Results Nine patients completed the study. The median (range) intraclass correlation coefficient of triplicate FeNO measurements was 0.83 (0.78 – 0.92) for morning measurements and 0.82 (0.71 – 0.97) for evening measurements. There was a median of 7.1% missing data (range 2.7 – 14.3%). FeNO measurements correlated strongly with sputum and blood eosinophil counts, with the strongest correlations observed with a 9-day FeNO moving average, and a lag time of -1 day for sputum eosinophils (r = 0.571, p < 0.001) and -2 days for blood eosinophil counts (r = 0.691, p < 0.0001), suggesting that changes in sputum and blood eosinophil counts tended to precede changes in FeNO by 1 and 2 days respectively. In contrast there were no consistent relationships seen between FeNO and either PEF or visual analogue scores.

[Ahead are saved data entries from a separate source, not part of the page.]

(* Let $\nabla$ be a non-flat, torsion-free, real-analytic, geodesically complete affine connection on $\mathbf{R}^2$ which is invariant under the standard linear action of $\mathrm{SL}(2,\mathbf{R})$. Then, for some $k\in\mathbf{R}^*$, $$\nabla_{\partial_x}\partial_x=ky^2E,\quad \nabla_{\partial_x}\partial_y=-kxyE,\quad \nabla_{\partial_y}\partial_y=kx^2E,\qquad E=x\partial_x+y\partial_y.$$ Its parametrized geodesics are either lines through the origin parametrized at constant speed, or conics centered at the origin of special affine curvature $\sqrt[3]{k}$, parametrized at constant speed with respect to special affine arc length.
   Context: Special affine arc length and special affine curvature refer to the invariants of plane curves under the group of area-preserving affine maps $\mathrm{SL}(2,\mathbf{R})\ltimes\mathbf{R}^2$ (for a curve parametrized so that $\det(c',c'')=1$, the parameter is the special affine arc length and the special affine curvature is $\kappa=\det(c'',c''')$). *)

theory Defs
  imports "HOL-Analysis.Analysis"
begin

text \<open>Points and tangent vectors of R^2 are elements of real^2 (component 1 = x, 2 = y).
An affine connection on R^2 is given by its Christoffel symbols:
G p i j k = Gamma^k_{ij}(p), i.e. nabla_{d_i} d_j = sum_k G p i j k d_k.\<close>

type_synonym christoffel = "real^2 \<Rightarrow> 2 \<Rightarrow> 2 \<Rightarrow> 2 \<Rightarrow> real"

definition chris :: "christoffel \<Rightarrow> real^2 \<Rightarrow> real^2 \<Rightarrow> real^2 \<Rightarrow> real^2" where
  "chris G p u v = (\<chi> k. \<Sum>i\<in>UNIV. \<Sum>j\<in>UNIV. G p i j k * u$i * v$j)"

definition det2 :: "real^2 \<Rightarrow> real^2 \<Rightarrow> real" where
  "det2 u v = u$1 * v$2 - u$2 * v$1"

definition pd :: "2 \<Rightarrow> (real^2 \<Rightarrow> real) \<Rightarrow> real^2 \<Rightarrow> real" where
  "pd i f p = deriv (\<lambda>t. f (p + t *\<^sub>R axis i 1)) 0"

definition real_analytic2 :: "(real^2 \<Rightarrow> real) \<Rightarrow> bool" where
  "real_analytic2 f \<longleftrightarrow> (\<forall>p. \<exists>r>0. \<exists>a :: nat \<Rightarrow> nat \<Rightarrow> real.
     \<forall>q\<in>ball p r. ((\<lambda>(m,n). a m n * (q$1 - p$1)^m * (q$2 - p$2)^n) has_sum f q) UNIV)"

definition analytic_connection :: "christoffel \<Rightarrow> bool" where
  "analytic_connection G \<longleftrightarrow> (\<forall>i j k. real_analytic2 (\<lambda>p. G p i j k))"

definition torsion_free :: "christoffel \<Rightarrow> bool" where
  "torsion_free G \<longleftrightarrow> (\<forall>p i j k. G p i j k = G p j i k)"
text \<open>The chosen value of \<open>v s\<close> minimises the form in that coordinate; the minimum is the
  Schur complement form.\<close>
lemma quad_form_eliminate_pivot:
  assumes "finite S" "s \<notin> S" and pos: "0 < Re (A s s)" and Ass: "A s s = of_real (Re (A s s))"
    and herm: "\<And>a. a \<in> S \<Longrightarrow> A a s = cnj (A s a)"
  shows "quad_form (insert s S) A (v(s := - (\<Sum>b\<in>S. A s b * v b) / A s s))
       = quad_form S (\<lambda>a b. A a b - pivot_column A s a * cnj (pivot_column A s b)) v"
proof -
  define t where "t = (\<Sum>b\<in>S. A s b * v b)"
  define \<alpha> where "\<alpha> = Re (A s s)"
  define v' where "v' = v(s := - t / A s s)"
  have \<alpha>: "A s s = of_real \<alpha>" "0 < \<alpha>" using Ass pos by (simp_all add: \<alpha>_def)
  have row: "(\<Sum>b\<in>S. A s b * v' b) = t" unfolding t_def v'_def
    by (rule sum.cong) (use assms in auto)
  have col: "(\<Sum>a\<in>S. cnj (v' a) * A a s) = cnj t" unfolding t_def v'_def cnj_sum
    by (rule sum.cong) (use assms in \<open>auto simp: mult.commute\<close>)
  have rest: "quad_form S A v' = quad_form S A v" by (rule quad_form_cong) (use assms v'_def in auto)
  have "cinner S (pivot_column A s) v = t / of_real (sqrt \<alpha>)"
    unfolding cinner_def pivot_column_def t_def using pos herm
    by (simp add: \<alpha>_def sum_divide_distrib)
  then have "cnj (cinner S (pivot_column A s) v) * cinner S (pivot_column A s) v = cnj t * t / of_real \<alpha>"
    using \<alpha> by (simp flip: of_real_mult)
  moreover have "quad_form (insert s S) A v' = quad_form S A v - cnj t * t / of_real \<alpha>"
  proof -
    have vs: "v' s = - t / of_real \<alpha>" "cnj (v' s) = - cnj t / of_real \<alpha>"
      using \<alpha> by (simp_all add: v'_def)
    have "quad_form (insert s S) A v'
        = cnj (v' s) * of_real \<alpha> * v' s + cnj (v' s) * t + cnj t * v' s + quad_form S A v"
      using quad_form_insert[OF assms(1,2), of A v'] row col rest \<alpha> by simp
    also have "\<dots> = cnj t * t / of_real \<alpha> - 2 * (cnj t * t / of_real \<alpha>) + quad_form S A v"
      unfolding vs using \<alpha> by (simp add: field_simps)
    finally show ?thesis by simp
  qed
  ultimately show ?thesis
    unfolding quad_form_rank_one_update by (simp add: v'_def t_def)
qed

lemma psd_on_Schur_complement:
  assumes fin: "finite S" and s: "s \<notin> S" and psd: "psd_on (insert s S) A"
  shows "psd_on S (\<lambda>a b. A a b - pivot_column A s a * cnj (pivot_column A s b))"
  unfolding psd_on_def
proof (intro conjI ballI allI)
  fix i j assume "i \<in> S" "j \<in> S"
  then have "A i j = cnj (A j i)" using psd_on_hermitian[OF psd] by blast
  then show "A i j - pivot_column A s i * cnj (pivot_column A s j)
      = cnj (A j i - pivot_column A s j * cnj (pivot_column A s i))"
    by (simp add: mult.commute)
next
  fix v :: "'a \<Rightarrow> complex"
  let ?B = "\<lambda>a b. A a b - pivot_column A s a * cnj (pivot_column A s b)"
  have "\<exists>v'. quad_form S ?B v = quad_form (insert s S) A v'"
  proof (cases "0 < Re (A s s)")
    case True
    have "A s s = of_real (Re (A s s))" using psd_on_diag(1)[OF psd] fin by simp
    moreover have "\<And>a. a \<in> S \<Longrightarrow> A a s = cnj (A s a)"
      using psd_on_hermitian[OF psd] by blast
    ultimately have "quad_form (insert s S) A (v(s := - (\<Sum>b\<in>S. A s b * v b) / A s s)) = quad_form S ?B v"
      by (rule quad_form_eliminate_pivot[of S s A, OF fin s True])
    then show ?thesis by metis
  next
    case False
    then have "quad_form S ?B v = quad_form S A v" by (simp add: pivot_column_def quad_form_def)
    also have "\<dots> = quad_form S A (v(s := 0))" by (rule quad_form_cong) (use s in auto)
    also have "\<dots> = quad_form (insert s S) A (v(s := 0))"
      by (rule quad_form_restrict[symmetric]) (use fin in auto)
    finally show ?thesis by blast
  qed
  then obtain v' where "quad_form S ?B v = quad_form (insert s S) A v'" ..
  then show "0 \<le> Re (\<Sum>i\<in>S. \<Sum>j\<in>S. cnj (v i) * ?B i j * v j)"
    using psd_on_quad_form_nonneg[OF psd, of v'] by (simp only: quad_form_def)
qed
(* For every positive integer $k$, $$\sum_{r=1}^{2k} r!\,{2k\brace r}=\sum_{p=1}^{k}\sum_{q=1}^{k}{k\brace p}{k\brace q}\,p!\,q!\,D(p,q).$$
   Context: ${k\brace r}$ denotes the Stirling number of the second kind (number of partitions of a $k$-element set into $r$ nonempty blocks). $D(m,n)$ is the Delannoy number, defined for nonnegative integers $m,n$ by $D(m,n)=1$ if $mn=0$, and $D(m,n)=D(m-1,n)+D(m-1,n-1)+D(m,n-1)$ if $mn\neq0$. *)

theory Defs
  imports "HOL-Combinatorics.Stirling"
begin

fun Delannoy :: "nat \<Rightarrow> nat \<Rightarrow> nat" where
  "Delannoy 0 n = 1"
| "Delannoy (Suc m) 0 = 1"
| "Delannoy (Suc m) (Suc n) =
     Delannoy m (Suc n) + Delannoy m n + Delannoy (Suc m) n"

end

theory Submission
  imports Defs
begin

text \<open>
  Put \<open>B w m n = \<Sum>p q. S(m,p) S(n,q) w(p,q)\<close>. The recurrence
  \<open>S(m+1,p) = p S(m,p) + S(m,p-1)\<close> applied in either argument shows that
  \<open>B w (m+1) n = B w m (n+1)\<close> whenever the weight satisfies
  \<open>p w(p,q) + w(p+1,q) = q w(p,q) + w(p,q+1)\<close>, so then \<open>B w (2k) 0 = B w k k\<close>.
  The weight \<open>w(p,q) = p! q! D(p,q)\<close> qualifies by the Delannoy identity
  \<open>p D(p,q) + (p+1) D(p+1,q) = q D(p,q) + (q+1) D(p,q+1)\<close>, and since
  \<open>D(p,0) = 1\<close> the sum \<open>B w (2k) 0\<close> is the left-hand side of the theorem.
\<close>

lemma Delannoy_0_right [simp]: "Delannoy m 0 = 1"
  by (cases m) simp_all

lemma Delannoy_1_left: "Delannoy (Suc 0) n = 2 * n + 1"
  by (induction n) simp_all

lemma Delannoy_1_right: "Delannoy m (Suc 0) = 2 * m + 1"
  by (induction m) simp_all

lemma Delannoy_shift:
  "m * Delannoy m n + Suc m * Delannoy (Suc m) n = n * Delannoy m n + Suc n * Delannoy m (Suc n)"
proof (induction m arbitrary: n)
  case 0
  show ?case by (simp add: Delannoy_1_left)
next
  case (Suc m)
  note IH_m = Suc.IH
  show ?case
  proof (induction n)
    case 0
    show ?case by (simp add: Delannoy_1_right)
  next
    case (Suc n)
    show ?case using Suc.IH IH_m[of n] IH_m[of "Suc n"] by (simp add: algebra_simps)
  qed
qed

lemma sum_Stirling_Suc:
  fixes f :: "nat \<Rightarrow> 'a::comm_semiring_1"
  shows "(\<Sum>k\<le>Suc n. of_nat (Stirling (Suc n) k) * f k) =
         (\<Sum>k\<le>n. of_nat (Stirling n k) * (of_nat k * f k + f (Suc k)))"
proof -
  have "(\<Sum>k\<le>Suc n. of_nat (Stirling (Suc n) k) * f k) =
        (\<Sum>k\<le>n. of_nat (Stirling (Suc n) (Suc k)) * f (Suc k))"
    by (subst sum.atMost_Suc_shift) simp
  also have "\<dots> = (\<Sum>k\<le>n. of_nat (Suc k * Stirling n (Suc k)) * f (Suc k)) +
                  (\<Sum>k\<le>n. of_nat (Stirling n k) * f (Suc k))"
    by (simp add: sum.distrib distrib_right)
  also have "(\<Sum>k\<le>n. of_nat (Suc k * Stirling n (Suc k)) * f (Suc k)) =
             (\<Sum>k\<le>Suc n. of_nat (k * Stirling n k) * f k)"
    by (subst sum.atMost_Suc_shift) simp
  also have "\<dots> = (\<Sum>k\<le>n. of_nat (k * Stirling n k) * f k)"
    by simp
  finally show ?thesis
    by (simp add: sum.distrib algebra_simps)
qed

definition Stirling_bisum :: "(nat \<Rightarrow> nat \<Rightarrow> 'a::comm_semiring_1) \<Rightarrow> nat \<Rightarrow> nat \<Rightarrow> 'a" where
  "Stirling_bisum w m n =
     (\<Sum>p\<le>m. \<Sum>q\<le>n. of_nat (Stirling m p) * of_nat (Stirling n q) * w p q)"

lemma Stirling_bisum_Suc_swap:
  assumes shift: "\<And>p q. of_nat p * w p q + w (Suc p) q = of_nat q * w p q + w p (Suc q)"
  shows "Stirling_bisum w (Suc m) n = Stirling_bisum w m (Suc n)"
proof -
  have "Stirling_bisum w (Suc m) n =
        (\<Sum>p\<le>Suc m. of_nat (Stirling (Suc m) p) * (\<Sum>q\<le>n. of_nat (Stirling n q) * w p q))"
    by (simp add: Stirling_bisum_def sum_distrib_left mult.assoc)
  also have "\<dots> = (\<Sum>p\<le>m. of_nat (Stirling m p) *
                     (of_nat p * (\<Sum>q\<le>n. of_nat (Stirling n q) * w p q) +
                      (\<Sum>q\<le>n. of_nat (Stirling n q) * w (Suc p) q)))"
    by (rule sum_Stirling_Suc)
  also have "\<dots> = (\<Sum>p\<le>m. \<Sum>q\<le>n. of_nat (Stirling m p) * of_nat (Stirling n q) *
                     (of_nat p * w p q + w (Suc p) q))"
    by (simp add: sum_distrib_left sum.distrib algebra_simps)
  also have "\<dots> = (\<Sum>q\<le>n. \<Sum>p\<le>m. of_nat (Stirling m p) * of_nat (Stirling n q) *
                     (of_nat q * w p q + w p (Suc q)))"
    by (simp add: shift sum.swap[of _ "{..m}"])
  also have "\<dots> = (\<Sum>q\<le>n. of_nat (Stirling n q) *
                     (of_nat q * (\<Sum>p\<le>m. of_nat (Stirling m p) * w p q) +
                      (\<Sum>p\<le>m. of_nat (Stirling m p) * w p (Suc q))))"
    by (simp add: sum_distrib_left sum.distrib algebra_simps)
  also have "\<dots> = (\<Sum>q\<le>Suc n. of_nat (Stirling (Suc n) q) * (\<Sum>p\<le>m. of_nat (Stirling m p) * w p q))"
    by (rule sum_Stirling_Suc[symmetric])
  also have "\<dots> = Stirling_bisum w m (Suc n)"
    by (simp add: Stirling_bisum_def sum.swap[of _ "{..m}"] sum_distrib_left algebra_simps)
  finally show ?thesis .
qed

lemma Stirling_bisum_transfer:
  assumes "\<And>p q. of_nat p * w p q + w (Suc p) q = of_nat q * w p q + w p (Suc q)"
  shows "Stirling_bisum w (m + n) 0 = Stirling_bisum w m n"
proof (induction n arbitrary: m)
  case (Suc n)
  have "Stirling_bisum w (m + Suc n) 0 = Stirling_bisum w (Suc m) n"
    using Suc.IH[of "Suc m"] by simp
  also have "\<dots> = Stirling_bisum w m (Suc n)"
    using assms by (rule Stirling_bisum_Suc_swap)
  finally show ?case .
qed simp

definition Delannoy_weight :: "nat \<Rightarrow> nat \<Rightarrow> nat" where
  "Delannoy_weight p q = fact p * fact q * Delannoy p q"

lemma Delannoy_weight_shift:
  "p * Delannoy_weight p q + Delannoy_weight (Suc p) q = q * Delannoy_weight p q + Delannoy_weight p (Suc q)"
proof -
  have "p * Delannoy_weight p q + Delannoy_weight (Suc p) q =
        fact p * fact q * (p * Delannoy p q + Suc p * Delannoy (Suc p) q)"
    by (simp add: Delannoy_weight_def algebra_simps)
  also have "\<dots> = fact p * fact q * (q * Delannoy p q + Suc q * Delannoy p (Suc q))"
    by (simp only: Delannoy_shift)
  also have "\<dots> = q * Delannoy_weight p q + Delannoy_weight p (Suc q)"
    by (simp add: Delannoy_weight_def algebra_simps)
  finally show ?thesis .
qed

theorem corollary1:
  fixes k :: nat
  assumes "k \<ge> 1"
  shows "(\<Sum>r=1..2*k. fact r * Stirling (2*k) r) =
         (\<Sum>p=1..k. \<Sum>q=1..k. Stirling k p * Stirling k q * fact p * fact q * Delannoy p q)"
proof -
  have Stirling_0: "Stirling k 0 = 0" "Stirling (2*k) 0 = 0"
    using assms by (cases k; simp)+
  have "(\<Sum>r=1..2*k. fact r * Stirling (2*k) r) = Stirling_bisum Delannoy_weight (2*k) 0"
    using Stirling_0
    by (simp add: Stirling_bisum_def Delannoy_weight_def atMost_atLeast0 sum.atLeast_Suc_atMost mult.commute)
  also have "\<dots> = Stirling_bisum Delannoy_weight k k"
    using Stirling_bisum_transfer[of Delannoy_weight k k] by (simp add: Delannoy_weight_shift mult_2)
  also have "\<dots> = (\<Sum>p=1..k. \<Sum>q=1..k. Stirling k p * Stirling k q * fact p * fact q * Delannoy p q)"
    using Stirling_0
    by (simp add: Stirling_bisum_def Delannoy_weight_def atMost_atLeast0 sum.atLeast_Suc_atMost mult.assoc)
  finally show ?thesis .
qed

end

Conclusion Home monitoring of FeNO is feasible and the measurements are repeatable. Daily FeNO measurements correlate strongly with sputum and blood eosinophil counts, and are most useful when a moving average is taken over approximately 9 days. Further studies are required to determine if daily FeNO measurements may have a role in predicting loss of asthma control or exacerbations.